| Qualification Type: | PhD |
|---|---|
| Location: | Leeds |
| Funding for: | UK Students, EU Students, International Students |
| Funding amount: | £21,805 per annum |
| Hours: | Full Time |
| Placed On: | 31st March 2026 |
|---|---|
| Closes: | 13th April 2026 |
The School of History at the University of Leeds and The National Archives are pleased to announce a fully funded Collaborative doctoral studentship, from October 2026.
Session 2026/27 - Closing Date 17:00 (UK time) 8th May 2026
Award provides full fees and maintenance at the UKRI rate (£21,805 in Session 2026/27), a London allowance of £1,000 per annum plus a £600 enhancement per annum, a research training support grant and other allowances (pro rata for part-time study).
Project overview
The studentship will research the first hundred years of the UK’s Public Record Office (now The National Archives), in anticipation of its bicentenary in 2038. The project will focus on how the office was created, early record-keeping practices, and what effect the formative years of the organisation still have today. In particular, it will explore the preservation of historical documents and communication of historical knowledge, both at The National Archives and in the wider archives and museum sector. It will, thereby, contribute to cutting edge historical research into how the constitution of the archive itself affects what it is possible to know about the past.
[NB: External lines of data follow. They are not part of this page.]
(* Let $\{T_n\}_{n\in\mathbb{Z}}$ and $\{S_n\}_{n\in\mathbb{Z}}$ be discrete linear evolution processes in a Banach space $X$ which admit nonuniform exponential dichotomies with projections $\{Q^{\mathcal{T}}_n\}$ and $\{Q^{\mathcal{S}}_n\}$, exponents $\alpha_{\mathcal{T}}$ and $\alpha_{\mathcal{S}}$ respectively, and the same bound $K(n)\le De^{\nu|n|}$. If $\nu<\min\{\alpha_{\mathcal{T}},\alpha_{\mathcal{S}}\}$ and $$\sup_{n\in\mathbb{Z}}\{K(n+1)\|T_n-S_n\|_{\mathcal{L}(X)}\}\le\epsilon,$$ then $$\sup_{n\in\mathbb{Z}}\{K(n)^{-1}\|Q^{\mathcal{T}}_n-Q^{\mathcal{S}}_n\|_{\mathcal{L}(X)}\}\le\frac{e^{-\alpha_{\mathcal{S}}}+e^{-\alpha_{\mathcal{T}}}}{1-e^{-(\alpha_{\mathcal{S}}+\alpha_{\mathcal{T}})}}\,\epsilon.$$
   Context: A discrete (linear) evolution process in a Banach space $X$ is a family $\{S_{n,m}: n,m\in\mathbb{Z},\ n\ge m\}\subset\mathcal{L}(X)$ with $S_{n,n}=Id_X$ and $S_{n,m}S_{m,k}=S_{n,k}$ for $n\ge m\ge k$; equivalently it is given by one-step operators $S_n:=S_{n+1,n}$ via $S_{n,m}=S_{n-1}\cdots S_m$ ($n>m$). It admits a nonuniform exponential dichotomy if there is a family of bounded projections $\{Q_n\}_{n\in\mathbb{Z}}\subset\mathcal{L}(X)$ such that: (i) $Q_nS_{n,m}=S_{n,m}Q_m$ for $n\ge m$; (ii) for $n\ge m$, $S_{n,m}$ restricted to $R(Q_m)$ is an isomorphism onto $R(Q_n)$, and $S_{m,n}$ denotes its inverse; (iii) there are a function $K:\mathbb{Z}\to[1,\infty)$ (the bound) with $K(n)\le De^{\nu|n|}$ for some $D\ge1$, $\nu>0$, and $\alpha>0$ (the exponent) with $\|S_{n,m}(Id_X-Q_m)\|\le K(m)e^{-\alpha(n-m)}$ for $n\ge m$ and $\|S_{n,m}Q_m\|\le K(m)e^{\alpha(n-m)}$ for $n\le m$. *)

theory Defs
  imports "HOL-Analysis.Analysis"
begin

text \<open>Discrete evolution process generated by one-step operators T n = S_{n+1,n}.
  evol_aux T m k = T (m+k-1) \<circ> ... \<circ> T m, i.e. S_{m+k,m}.\<close>
primrec evol_aux :: "(int \<Rightarrow> ('a::real_normed_vector \<Rightarrow>\<^sub>L 'a)) \<Rightarrow> int \<Rightarrow> nat \<Rightarrow> ('a \<Rightarrow>\<^sub>L 'a)" where
  "evol_aux T m 0 = id_blinfun"
| "evol_aux T m (Suc k) = T (m + int k) o\<^sub>L evol_aux T m k"

text \<open>evol T n m = S_{n,m} for n \<ge> m (identity when n \<le> m).\<close>
definition evol :: "(int \<Rightarrow> ('a::real_normed_vector \<Rightarrow>\<^sub>L 'a)) \<Rightarrow> int \<Rightarrow> int \<Rightarrow> ('a \<Rightarrow>\<^sub>L 'a)" where
  "evol T n m = evol_aux T m (nat (n - m))"

text \<open>The growth condition K n \<le> D e^{\<nu>|n|} is required with
  the given D \<ge> 1, \<nu> > 0. For n \<le> m, the backward operator S_{n,m} Q_m maps x to the
  unique y \<in> R(Q_n) with S_{m,n} y = Q_m x; its operator-norm bound is stated pointwise.\<close>
definition nonuniform_dichotomy ::
  "(int \<Rightarrow> ('a::banach \<Rightarrow>\<^sub>L 'a)) \<Rightarrow> (int \<Rightarrow> ('a \<Rightarrow>\<^sub>L 'a)) \<Rightarrow> (int \<Rightarrow> real) \<Rightarrow> real \<Rightarrow> real \<Rightarrow> real \<Rightarrow> bool" where
  "nonuniform_dichotomy T Q K \<alpha> D \<nu> \<longleftrightarrow>
     (\<forall>n. Q n o\<^sub>L Q n = Q n) \<and>
     (\<forall>n m. m \<le> n \<longrightarrow> Q n o\<^sub>L evol T n m = evol T n m o\<^sub>L Q m) \<and>
     (\<forall>n m. m \<le> n \<longrightarrow> bij_betw (blinfun_apply (evol T n m)) (range (blinfun_apply (Q m))) (range (blinfun_apply (Q n)))) \<and>
     D \<ge> 1 \<and> \<nu> > 0 \<and> \<alpha> > 0 \<and>
     (\<forall>n. 1 \<le> K n \<and> K n \<le> D * exp (\<nu> * \<bar>real_of_int n\<bar>)) \<and>
     (\<forall>n m. m \<le> n \<longrightarrow> norm (evol T n m o\<^sub>L (id_blinfun - Q m)) \<le> K m * exp (- \<alpha> * real_of_int (n - m))) \<and>
     (\<forall>n m x y. n \<le> m \<longrightarrow> y \<in> range (blinfun_apply (Q n)) \<longrightarrow> evol T m n y = Q m x \<longrightarrow>
        norm y \<le> K m * exp (\<alpha> * real_of_int (n - m)) * norm x)"

end

theory Submission
  imports Defs
begin

text \<open>Write \<open>Q\<^sup>T\<^sub>n - Q\<^sup>S\<^sub>n = Q\<^sup>T\<^sub>n (I - Q\<^sup>S\<^sub>n) - (I - Q\<^sup>T\<^sub>n) Q\<^sup>S\<^sub>n\<close> and bound both terms by
  telescoping. For the second, let \<open>y\<^sub>k\<close> (\<open>k \<le> n\<close>) be the backward \<open>S\<close>-orbit of \<open>Q\<^sup>S\<^sub>n x\<close> inside
  the ranges of \<open>Q\<^sup>S\<close> and compare the vectors \<open>T\<^sub>n\<^sub>,\<^sub>k (I - Q\<^sup>T\<^sub>k) y\<^sub>k\<close>: consecutive ones differ
  only through the one-step defect \<open>(T\<^sub>k - S\<^sub>k) y\<^sub>k\<close>, which the hypothesis controls at the price of
  \<open>K(k+1)\<close>, and the two dichotomy estimates give it the weight \<open>e\<^sup>-\<^sup>\<alpha>\<^sup>S (e\<^sup>-\<^sup>\<alpha>\<^sup>S\<^sup>-\<^sup>\<alpha>\<^sup>T)\<^sup>i\<close>
  at distance \<open>i = n - k - 1\<close>. For the first term use the forward \<open>S\<close>-orbit of
  \<open>(I - Q\<^sup>S\<^sub>n) x\<close> and its backward \<open>T\<close>-preimages in the range of \<open>Q\<^sup>T\<^sub>n\<close>. Both telescopes
  converge because \<open>K\<close> grows only like \<open>e\<^sup>\<nu>\<^sup>|\<^sup>k\<^sup>|\<close> and \<open>\<nu> < \<alpha>\<^sub>S + \<alpha>\<^sub>T\<close>; summing the two
  geometric series gives the constant.\<close>

lemma evol_aux_add: "evol_aux T m (a + b) x = evol_aux T (m + int a) b (evol_aux T m a x)"
  by (induction b) (simp_all add: add.assoc)

lemma evol_trans:
  assumes "k \<le> m" "m \<le> n"
  shows "evol T n k x = evol T n m (evol T m k x)"
proof -
  have "nat (n - k) = nat (m - k) + nat (n - m)" "k + int (nat (m - k)) = m"
    using assms by auto
  then show ?thesis unfolding evol_def by (simp add: evol_aux_add)
qed

lemma evol_refl [simp]: "evol T n n = id_blinfun"
  by (simp add: evol_def)

lemma evol_Suc [simp]: "evol T (k + 1) k = T k"
  by (simp add: evol_def) (rule blinfun_eqI, simp)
Utilising the underused PRO series of records created by the institution’s staff, the PhD will explore the development of archive practice within the 1838, 1877, and 1898 legislative frameworks. John D. Cantwell’s The Public Record Office, 1838-1958, published in 1991, is the last full history of the office, and does not focus on the ways in which the record office’s creation affects contemporary engagements with the records. This project will build on this and earlier extant histories of TNA. You will investigate the files on the early history of the PRO, reading correspondence and minutes around the creation and subsequent legislative shifts in the nineteenth century.
The research aims of the PhD project are to address:
Through case studies to explore these issues you will have the opportunity to shape the project based on your interests, background and experience. For example, you may wish to interrogate the racialised or gendered assumptions inherent in the early creation of the PRO, how the PRO’s developing practice impacted local archives, or the way medieval records were sorted and catalogued in the institution’s early years.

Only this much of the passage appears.